Let’s say that we collect the following data:

\[ \begin{array}{ccc} \hline \text { Gender } & \text { Qualification } & \text { Success Hiring } \\ T & M & E(Y \mid T=t, M=m) \\ \hline 1 & 1 & 0.80 \\ 1 & 0 & 0.40 \\ 0 & 1 & 0.30 \\ 0 & 0 & 0.20 \\ \hline \end{array} \]

\[ \begin{array}{cc} \hline \text { Gender } & \text { Qualification } \\ T & E(M \mid T=t) \\ \hline 0 & 0.40 \\ 1 & 0.75 \\ \hline \end{array} \] Assuming that there’s no confounding, we use the mediator formulas thus:

\[ \begin{aligned} N D E=& \sum_{m}[E[Y \mid T=1, M=m]-E[Y \mid T=0, M=m]] P(M=m \mid T=0) \\ =&[E[Y \mid T=1, M=0]-E[Y \mid T=0, M=0]] P(M=0 \mid T=0) \\ &+[E[Y \mid T=1, M=1]-E[Y \mid T=0, M=1]] P(M=1 \mid T=0) \\ =&(0.4-0.2)(1-0.4)+(0.8-0.3) 0.4 \\ =& 0.32 \\ N I E=& \sum_{m} E[Y \mid T=0, M=m][P(M=m \mid T=1)-P(M=m \mid T=0)] \\ =& E[Y \mid T=0, M=0][P(M=0 \mid T=1)-P(M=0 \mid T=0)] \\ &+E[Y \mid T=0, M=1][P(M=1 \mid T=1)-P(M=1 \mid T=0)] \\ =&(0.75-0.4)(0.3-0.2) \\ =& 0.035 \end{aligned} \]

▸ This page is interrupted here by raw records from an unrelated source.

lemma lagrange_multiplier: "\<exists>\<nu>. \<forall>p\<in>D. perturbation 1 \<le> F p + \<nu> * (a p - 1)"
proof -
  obtain s where s: "\<forall>c\<in>{0<..}. perturbation 1 + s * (c - 1) \<le> perturbation c"
    using convex_on_supporting_line[OF convex_on_perturbation, of "1/2" 1 2] by auto
  have "perturbation 1 \<le> F p + (- s) * (a p - 1)" if "p \<in> D" for p
    using s constraint_pos[OF that] perturbation_le[OF that] by force
  then show ?thesis
    by blast
qed

end

definition comb_P :: "real \<Rightarrow> real vec \<times> real \<Rightarrow> real vec \<times> real \<Rightarrow> real vec \<times> real" where
  "comb_P t p q = (t \<cdot>\<^sub>v fst p + (1 - t) \<cdot>\<^sub>v fst q, t * snd p + (1 - t) * snd q)"

definition constraint_P :: "nat \<Rightarrow> real \<Rightarrow> real \<Rightarrow> real vec \<times> real \<Rightarrow> real" where
  "constraint_P N se2 sep2 p = se2 * (\<Sum>i<N. fst p $ i) + sep2 * snd p"

lemma feas_P_eq_level: "feas_P N se2 sep2 = {p \<in> dom_P N. constraint_P N se2 sep2 p = 1}"
  unfolding feas_P_def constraint_P_def by auto

lemma dom_P_sum_nonneg: "p \<in> dom_P N \<Longrightarrow> 0 \<le> (\<Sum>i<N. fst p $ i)"
  unfolding dom_P_def by (auto intro: sum_nonneg)

lemma convex_perturbation_P:
  assumes "R \<le> N" and lam: "\<And>j. j < R \<Longrightarrow> 0 \<le> lam j" and "0 < se2" "0 < sep2"
  shows "convex_perturbation (dom_P N) comb_P (\<lambda>p. Phi M R yt lam (fst p) (snd p)) (constraint_P N se2 sep2)"
proof
  fix p q and t :: real
  assume p: "p \<in> dom_P N" and q: "q \<in> dom_P N" and t: "0 \<le> t" "t \<le> 1"
  have "0 < t * snd p + (1 - t) * snd q"
    using p q t unfolding dom_P_def by (cases "t = 0") (auto intro: add_pos_nonneg)
  then show "comb_P t p q \<in> dom_P N"
    using p q t unfolding comb_P_def dom_P_def by auto
  have sum_comb: "(\<Sum>i<N. (t \<cdot>\<^sub>v fst p + (1 - t) \<cdot>\<^sub>v fst q) $ i)
      = t * (\<Sum>i<N. fst p $ i) + (1 - t) * (\<Sum>i<N. fst q $ i)"
    using p q unfolding dom_P_def by (auto simp: sum.distrib sum_distrib_left)
  show "constraint_P N se2 sep2 (comb_P t p q)
      = t * constraint_P N se2 sep2 p + (1 - t) * constraint_P N se2 sep2 q"
    unfolding constraint_P_def comb_P_def fst_conv snd_conv sum_comb by (simp add: algebra_simps)
  show "Phi M R yt lam (fst (comb_P t p q)) (snd (comb_P t p q))
      \<le> t * Phi M R yt lam (fst p) (snd p) + (1 - t) * Phi M R yt lam (fst q) (snd q)"
    unfolding comb_P_def using Phi_convex[OF assms(1) lam p q t] by simp
next
  fix p assume "p \<in> dom_P N"
  then show "0 < constraint_P N se2 sep2 p"
    using assms(3,4) dom_P_sum_nonneg unfolding dom_P_def constraint_P_def
    by (auto intro!: add_nonneg_pos)
next
  fix c :: real assume "0 < c"
  then have "(0\<^sub>v N, c / sep2) \<in> dom_P N" and "constraint_P N se2 sep2 (0\<^sub>v N, c / sep2) = c"
    using assms(4) unfolding dom_P_def constraint_P_def by auto
  then show "\<exists>p\<in>dom_P N. constraint_P N se2 sep2 p = c"
    by blast
  have "- real M / 2 * ln (c / sep2) \<le> Phi M R yt lam (fst p) (snd p)"
    if "p \<in> dom_P N" "constraint_P N se2 sep2 p = c" for p
  proof -
    have "0 \<le> se2 * (\<Sum>i<N. fst p $ i)" "0 < snd p"
      using that(1) assms(3) dom_P_sum_nonneg unfolding dom_P_def by auto
    moreover have "snd p \<le> c / sep2"
      using calculation that(2) assms(4) unfolding constraint_P_def by (simp add: field_simps)
    ultimately have "ln (snd p) \<le> ln (c / sep2)"
      by (intro ln_mono) auto
    then have "- real M / 2 * ln (c / sep2) \<le> - real M / 2 * ln (snd p)"
      by (simp add: mult_left_mono)
    also have "\<dots> \<le> Phi M R yt lam (fst p) (snd p)"
      using Phi_ge_neg_ln[OF assms(1)] that(1) by (metis prod.collapse)
    finally show ?thesis .
  qed
  then show "bdd_below
      ((\<lambda>p. Phi M R yt lam (fst p) (snd p)) ` {p \<in> dom_P N. constraint_P N se2 sep2 p = c})"
    by (intro bdd_belowI[of _ "- real M / 2 * ln (c / sep2)"]) blast
qed

lemma dual_val_le_primal_val: "dual_val M N R se2 sep2 yt lam \<le> primal_val M N R se2 sep2 yt lam"
  unfolding dual_val_def primal_val_def
proof (intro SUP_least INF_greatest)
  fix d :: "real \<times> real vec" and p :: "real vec \<times> real"
  assume d: "d \<in> {(nu, mu). mu \<in> carrier_vec N \<and> (\<forall>i<N. 0 \<le> mu $ i)}" and p: "p \<in> feas_P N se2 sep2"
  then have "0 \<le> (\<Sum>i<N. snd d $ i * fst p $ i)"
    unfolding feas_P_def dom_P_def by (auto intro!: sum_nonneg)
  then have "lagr_P M N R se2 sep2 yt lam (fst p) (snd p) (fst d) (snd d) \<le> Phi M R yt lam (fst p) (snd p)"
    using p unfolding lagr_P_def feas_P_def by auto
  then show "dual_fun M N R se2 sep2 yt lam (fst d) (snd d) \<le> ereal (Phi M R yt lam (fst p) (snd p))"
    unfolding dual_fun_def using p unfolding feas_P_def by (intro INF_lower2[of p]) auto
qed

lemma primal_val_le_dual_val:
  assumes "R \<le> N" and "\<And>j. j < R \<Longrightarrow> 0 \<le> lam j" and "0 < se2" "0 < sep2"
  shows "primal_val M N R se2 sep2 yt lam \<le> dual_val M N R se2 sep2 yt lam"
proof -
  interpret P: convex_perturbation
      "dom_P N" comb_P "\<lambda>p. Phi M R yt lam (fst p) (snd p)" "constraint_P N se2 sep2"
    using convex_perturbation_P[OF assms] .
  obtain \<nu> where \<nu>: "\<And>p. p \<in> dom_P N \<Longrightarrow>
      P.perturbation 1 \<le> Phi M R yt lam (fst p) (snd p) + \<nu> * (constraint_P N se2 sep2 p - 1)"
    using P.lagrange_multiplier by blast
  have "primal_val M N R se2 sep2 yt lam = ereal (P.perturbation 1)"
    unfolding primal_val_def P.perturbation_def feas_P_eq_level
    using P.level_bdd_below[of 1] P.level_nonempty[of 1] by (subst ereal_Inf') (auto simp: image_comp)
  also have "\<dots> \<le> dual_fun M N R se2 sep2 yt lam \<nu> (0\<^sub>v N)"
    unfolding dual_fun_def lagr_P_def using \<nu> by (intro INF_greatest) (auto simp: constraint_P_def)
  also have "\<dots> \<le> dual_val M N R se2 sep2 yt lam"
    unfolding dual_val_def by (rule SUP_upper2[of "(\<nu>, 0\<^sub>v N)"]) auto
  finally show ?thesis .
qed

theorem mainTheorem3:
  fixes M N R :: nat and y :: "real vec" and H U V :: "real mat"
    and lam :: "nat \<Rightarrow> real" and se2 sep2 :: real
  assumes "M \<ge> 1" and "N \<ge> 1"
    and "y \<in> carrier_vec M" and "H \<in> carrier_mat M N"
    and "R = vec_space.rank M H" and "R \<ge> 1"
    and "se2 > 0" and "sep2 > 0"
    and "is_svd M N H U V R lam"
  defines "yt \<equiv> transpose_mat U *\<^sub>v y"
  shows "(\<forall>p\<in>dom_P N. \<forall>q\<in>dom_P N. \<forall>t::real. 0 \<le> t \<and> t \<le> 1 \<longrightarrow>
            Phi M R yt lam (t \<cdot>\<^sub>v fst p + (1 - t) \<cdot>\<^sub>v fst q) (t * snd p + (1 - t) * snd q)
            \<le> t * Phi M R yt lam (fst p) (snd p) + (1 - t) * Phi M R yt lam (fst q) (snd q))
       \<and> (INF x\<in>carrier_vec N. ereal (nll M y H se2 sep2 x)) = primal_val M N R se2 sep2 yt lam
       \<and> primal_val M N R se2 sep2 yt lam = dual_val M N R se2 sep2 yt lam"
proof -
  have lam: "\<And>j. j < R \<Longrightarrow> 0 \<le> lam j"
    using assms(9) unfolding is_svd_def by (auto intro: less_imp_le)
  have "R \<le> M" "R \<le> N"
    using vec_space.rank_le_nr[OF assms(4)] vec_space.rank_le_nc[OF assms(4)] assms(5) by auto
  then show ?thesis
    using Phi_convex[OF \<open>R \<le> N\<close> lam]
      INF_nll_eq_primal_val[OF assms(9) \<open>R \<le> M\<close> \<open>R \<le> N\<close> assms(7,8,3)]
      primal_val_le_dual_val[OF \<open>R \<le> N\<close> lam assms(7,8)] dual_val_le_primal_val
    unfolding yt_def by (auto intro: antisym)
qed

end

Therefore, given that the direct effect is substantially larger than the indirect effect, we conclude that it is not the different qualifications in themselves, but the gender that is driving the hiring process in the company.


Mediation analysis aims to disentangle the NDE (which does not pass through the mediator) from the NIE (the part that passes through the mediator). We’ve seen how the correct definition of these effects requires counterfactual thinking that cannot always be empirIcally identified with either experimental or observational evidence. After having stated the required assumptions for identifiability, we practiced recognizing such assumptions with several causal models. Finally, we practiced with a numerical example out of Pearl’s primer.